## Task description
In the data below, the answer is the run of lines from the line containing "fix \<pi> assume" through the line containing "CE_P_antimono e by blast", both included; print it exactly and nothing else.

::::::

lemma stable_extension:
  assumes fg: "finite_game n Sp" and L: "L \<subseteq> {..<n}" and z: "\<forall>p\<in>L. is_punishment n Sp u L p (z p)"
    and y: "y \<in> oracle_feasible n Sp u L (floors L z)"
  shows "\<exists>x\<in>XS n Sp u L. x [] = y \<and> (\<forall>p\<in>L. x [p] = z p)"
proof -
  obtain e where e: "e \<in> CE_P n Sp u {..<n}" using correlated_equilibrium_exists[OF fg] by blast
  define x where "x \<pi> = (if \<pi> = [] then y else if \<exists>p\<in>L. \<pi> = [p] then z (hd \<pi>) else e)" for \<pi>
  have "x \<in> bigX n Sp u L"
    unfolding bigX_def
  proof (intro CollectI ballI)
    fix \<pi> assume \<pi>: "\<pi> \<in> ordered_subsets L"
    have "set \<pi> \<union> ({..<n} - L) \<subseteq> {..<n}" using \<pi> L by (auto simp: ordered_subsets_def)
    then have "e \<in> CE_P n Sp u (set \<pi> \<union> ({..<n} - L))" using CE_P_antimono e by blast
    moreover have "set [p] \<union> ({..<n} - L) = {..<n} - (L - {p})" if "p \<in> L" for p using that L by auto
    ultimately show "x \<pi> \<in> CE_P n Sp u (set \<pi> \<union> ({..<n} - L))"
      using y z by (auto simp: x_def oracle_feasible_floors is_punishment_def)
  qed
  moreover have "EU n Sp u p (z p) \<le> EU n Sp u p y" if "p \<in> L" for p
    using y that by (simp add: oracle_feasible_floors)
  ultimately have "x \<in> XS n Sp u L" by (auto simp: XS_def stable_at_def x_def)
  then show ?thesis by (intro bexI[of _ x]) (auto simp: x_def)
qed

lemma welfare_optimum_pareto:
  assumes L: "L \<subseteq> {..<n}" and z: "\<forall>p\<in>L. is_punishment n Sp u L p (z p)"
    and y: "maximizes_welfare n Sp u L (\<lambda>_. 1) (\<lambda>_. y0) y"
    and x: "x \<in> XS n Sp u L" "x [] = y"
  shows "x [] \<in> pareto_proj n Sp u L [] (XS n Sp u L)"
  unfolding pareto_proj_def pareto_set_def
proof (intro CollectI conjI notI)
  show "x [] \<in> (\<lambda>x'. x' []) ` XS n Sp u L" using x by blast
  assume "\<exists>y'\<in>(\<lambda>x'. x' []) ` XS n Sp u L. (\<forall>p\<in>L - set []. EU n Sp u p (x []) \<le> EU n Sp u p y')
    \<and> (\<exists>p\<in>L - set []. EU n Sp u p (x []) < EU n Sp u p y')"
  then obtain x' where x': "x' \<in> XS n Sp u L" and ge: "\<forall>p\<in>L. EU n Sp u p y \<le> EU n Sp u p (x' [])"
    and gt: "\<exists>p\<in>L. EU n Sp u p y < EU n Sp u p (x' [])"
    using x(2) by auto
  have "\<forall>p\<in>L. EU n Sp u p y0 \<le> EU n Sp u p y"
    using y by (simp add: maximizes_welfare_def oracle_feasible_floors)
  then have "x' [] \<in> oracle_feasible n Sp u L (floors L (\<lambda>_. y0))"
    using stable_root_feasible[OF L z x'] ge by (auto simp: oracle_feasible_floors intro: order_trans)
  then have "(\<Sum>q\<in>L. EU n Sp u q (x' [])) \<le> (\<Sum>q\<in>L. EU n Sp u q y)"
    using y by (simp add: maximizes_welfare_def)
  moreover have "(\<Sum>q\<in>L. EU n Sp u q y) < (\<Sum>q\<in>L. EU n Sp u q (x' []))"
    using L ge gt by (intro sum_strict_mono_ex1) (auto intro: finite_subset)
  ultimately show False by simp
qed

::::::

## Completed exercise
    fix \<pi> assume \<pi>: "\<pi> \<in> ordered_subsets L"
    have "set \<pi> \<union> ({..<n} - L) \<subseteq> {..<n}" using \<pi> L by (auto simp: ordered_subsets_def)
    then have "e \<in> CE_P n Sp u (set \<pi> \<union> ({..<n} - L))" using CE_P_antimono e by blast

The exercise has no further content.